3.3. UUNet and wUUNet
The proposed models are described in
Section 2.3, and the comparison results are summarized in
Table 5. The wUUNet with Gauss half-intersected schema model represents the best segmentation quality, and yields an accuracy above 80% according to the multiclass Jaccard metric.
The performance characteristics are shown in
Table 6. We use an Nvidia RTX2070-based workstation as the target device and pure PyTorch model to obtain FPS values, minimum memory consumption, and the number of video streams able to run in parallel. The table shows that all of UNet based models can run in real time. We do not take into account the time taken to move the input frame from CPU to GPU because robotics systems will fetch and save the frame directly to video RAM memory.
To complete the investigation of the multiclass fire-segmentation task, it is worth noting that the methods can be used in different environmental conditions, as shown in
Figure 18 and
Figure 19. For each original image CNN calculates accurate fire-segmentation mask and we visualize it bellow by swapping red and blue channel of image and mark by red, orange and yellow the areas of detected flame.
The visualization demonstrates effective segmentation in cases of video capturing from the air and on the ground, as well as a large and a small fire. Additionally, it shows the reliable elimination of false alarms represented by firefighting vehicles and other objects of red, yellow, and orange colors.
4. Discussion
This article describes a detailed solution to multiclass fire image segmentation using an advanced neural-network architecture known as UNet.
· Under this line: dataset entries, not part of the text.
lemma log_poisson_imp_A1:
  assumes r: "0 < r" "r < 1" and k: "k \<ge> 1" and b: "b < 0" and lam: "lam > 0"
  defines "\<nu> \<equiv> scale_measure (ennreal lam) (return borel b)"
  shows "\<exists>\<beta> dinf. 0 < \<beta> \<and> \<beta> < 1 \<and> A1 r k a 0 \<nu> \<beta> dinf \<and>
           (delta r k a 0 \<nu> 0 - dinf) / (1 - \<beta>) > 0"
proof -
  define \<beta> where "\<beta> = exp (k * b)"
  define dinf where "dinf = (a * k - lam * k * b * indicator {x. \<bar>x\<bar> \<le> 1} b) / ln r"
  define C where "C = lam * (\<beta> - 1) / ln r"
  have ln_r: "ln r < 0"
    using r by simp
  have \<beta>: "0 < \<beta>" "\<beta> < 1"
    using b k by (auto simp: \<beta>_def mult_pos_neg)
  have \<delta>: "delta r k a 0 \<nu> p = dinf + C * exp (p * b)" for p
    unfolding \<nu>_def using delta_scaled_return[of r lam k a b p] ln_r lam
    by (simp add: dinf_def C_def \<beta>_def)
  have "((\<lambda>p. exp (p * b)) \<longlongrightarrow> 0) at_top"
  proof -
    have "filterlim (\<lambda>p. b * p) at_bot at_top"
      using b by (intro filterlim_tendsto_neg_mult_at_bot[OF tendsto_const] filterlim_ident)
    then show ?thesis
      by (auto intro: filterlim_compose[OF exp_at_bot] simp: mult.commute)
  qed
  then have "(delta r k a 0 \<nu> \<longlongrightarrow> dinf) at_top"
    unfolding \<delta> using tendsto_add[OF tendsto_const tendsto_mult[OF tendsto_const]] by fastforce
  moreover have "delta r k a 0 \<nu> (real (n * k) + real k) = (1 - \<beta>) * dinf + \<beta> * delta r k a 0 \<nu> (real (n * k))"
    for n
    unfolding \<delta> \<beta>_def by (simp add: algebra_simps exp_add)
  moreover have "(delta r k a 0 \<nu> 0 - dinf) / (1 - \<beta>) > 0"
  proof -
    have "lam * (\<beta> - 1) < 0" "ln r * (1 - \<beta>) < 0"
      using \<beta> ln_r lam by (simp_all add: mult_pos_neg mult_neg_pos)
    then show ?thesis
      by (simp add: \<delta> C_def divide_neg_neg)
  qed
  ultimately show ?thesis
    using \<beta> unfolding A1_def by blast
qed

theorem mainTheorem2:
  fixes r :: real and k :: nat and a \<sigma> :: real and \<nu> :: "real measure"
  assumes r: "0 < r" "r < 1"
    and k: "k \<ge> 1"
    and levy: "levy_measure \<nu>"
    and moments: "\<forall>p\<ge>0. integrable \<nu> (lk_integrand p)"
  shows "(\<exists>\<beta> dinf. 0 < \<beta> \<and> \<beta> < 1 \<and> A1 r k a (\<sigma>\<^sup>2) \<nu> \<beta> dinf \<and>
            (delta r k a (\<sigma>\<^sup>2) \<nu> 0 - dinf) / (1 - \<beta>) > 0)
         \<longleftrightarrow> (\<sigma>\<^sup>2 = 0 \<and> (\<exists>b lam. b < 0 \<and> lam > 0 \<and>
                 \<nu> = scale_measure (ennreal lam) (return borel b)))"
proof
  assume "\<exists>\<beta> dinf. 0 < \<beta> \<and> \<beta> < 1 \<and> A1 r k a (\<sigma>\<^sup>2) \<nu> \<beta> dinf \<and>
            (delta r k a (\<sigma>\<^sup>2) \<nu> 0 - dinf) / (1 - \<beta>) > 0"
  then obtain \<beta> dinf where \<beta>: "0 < \<beta>" "\<beta> < 1" and "A1 r k a (\<sigma>\<^sup>2) \<nu> \<beta> dinf"
    and "(delta r k a (\<sigma>\<^sup>2) \<nu> 0 - dinf) / (1 - \<beta>) > 0"
    by blast
  moreover from this \<beta> have "delta r k a (\<sigma>\<^sup>2) \<nu> 0 > dinf"
    by (simp add: zero_less_divide_iff)
  ultimately show "\<sigma>\<^sup>2 = 0 \<and> (\<exists>b lam. b < 0 \<and> lam > 0 \<and> \<nu> = scale_measure (ennreal lam) (return borel b))"
    by (intro A1_imp_log_poisson[OF r k levy moments]) simp_all
next
  assume "\<sigma>\<^sup>2 = 0 \<and> (\<exists>b lam. b < 0 \<and> lam > 0 \<and> \<nu> = scale_measure (ennreal lam) (return borel b))"
  then show "\<exists>\<beta> dinf. 0 < \<beta> \<and> \<beta> < 1 \<and> A1 r k a (\<sigma>\<^sup>2) \<nu> \<beta> dinf \<and>
      (delta r k a (\<sigma>\<^sup>2) \<nu> 0 - dinf) / (1 - \<beta>) > 0"
    using log_poisson_imp_A1[OF r k] by auto
qed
Because this problem has been solved for the first time, we collected and labeled datasets for training, and suggested some configurations for the UNet model. We analyzed the best configuration for fire segmentation and suggested innovative methods to improve accuracy. Based on the UNet architecture, we developed a wUUNet-concatenative model that demonstrates the best results in the task of multiclass fire segmentation. It outperforms the UNet model by 2% and 3% in case of binary and multiclass segmentation accuracy, respectively.
The next steps are to run the proposed model and calculation schemes in Jetson Nano board to perform real-time computations from the connected CSI camera module, and to create a prototype for fire detection system to provide automatic forest fire segmentation and effective suppression.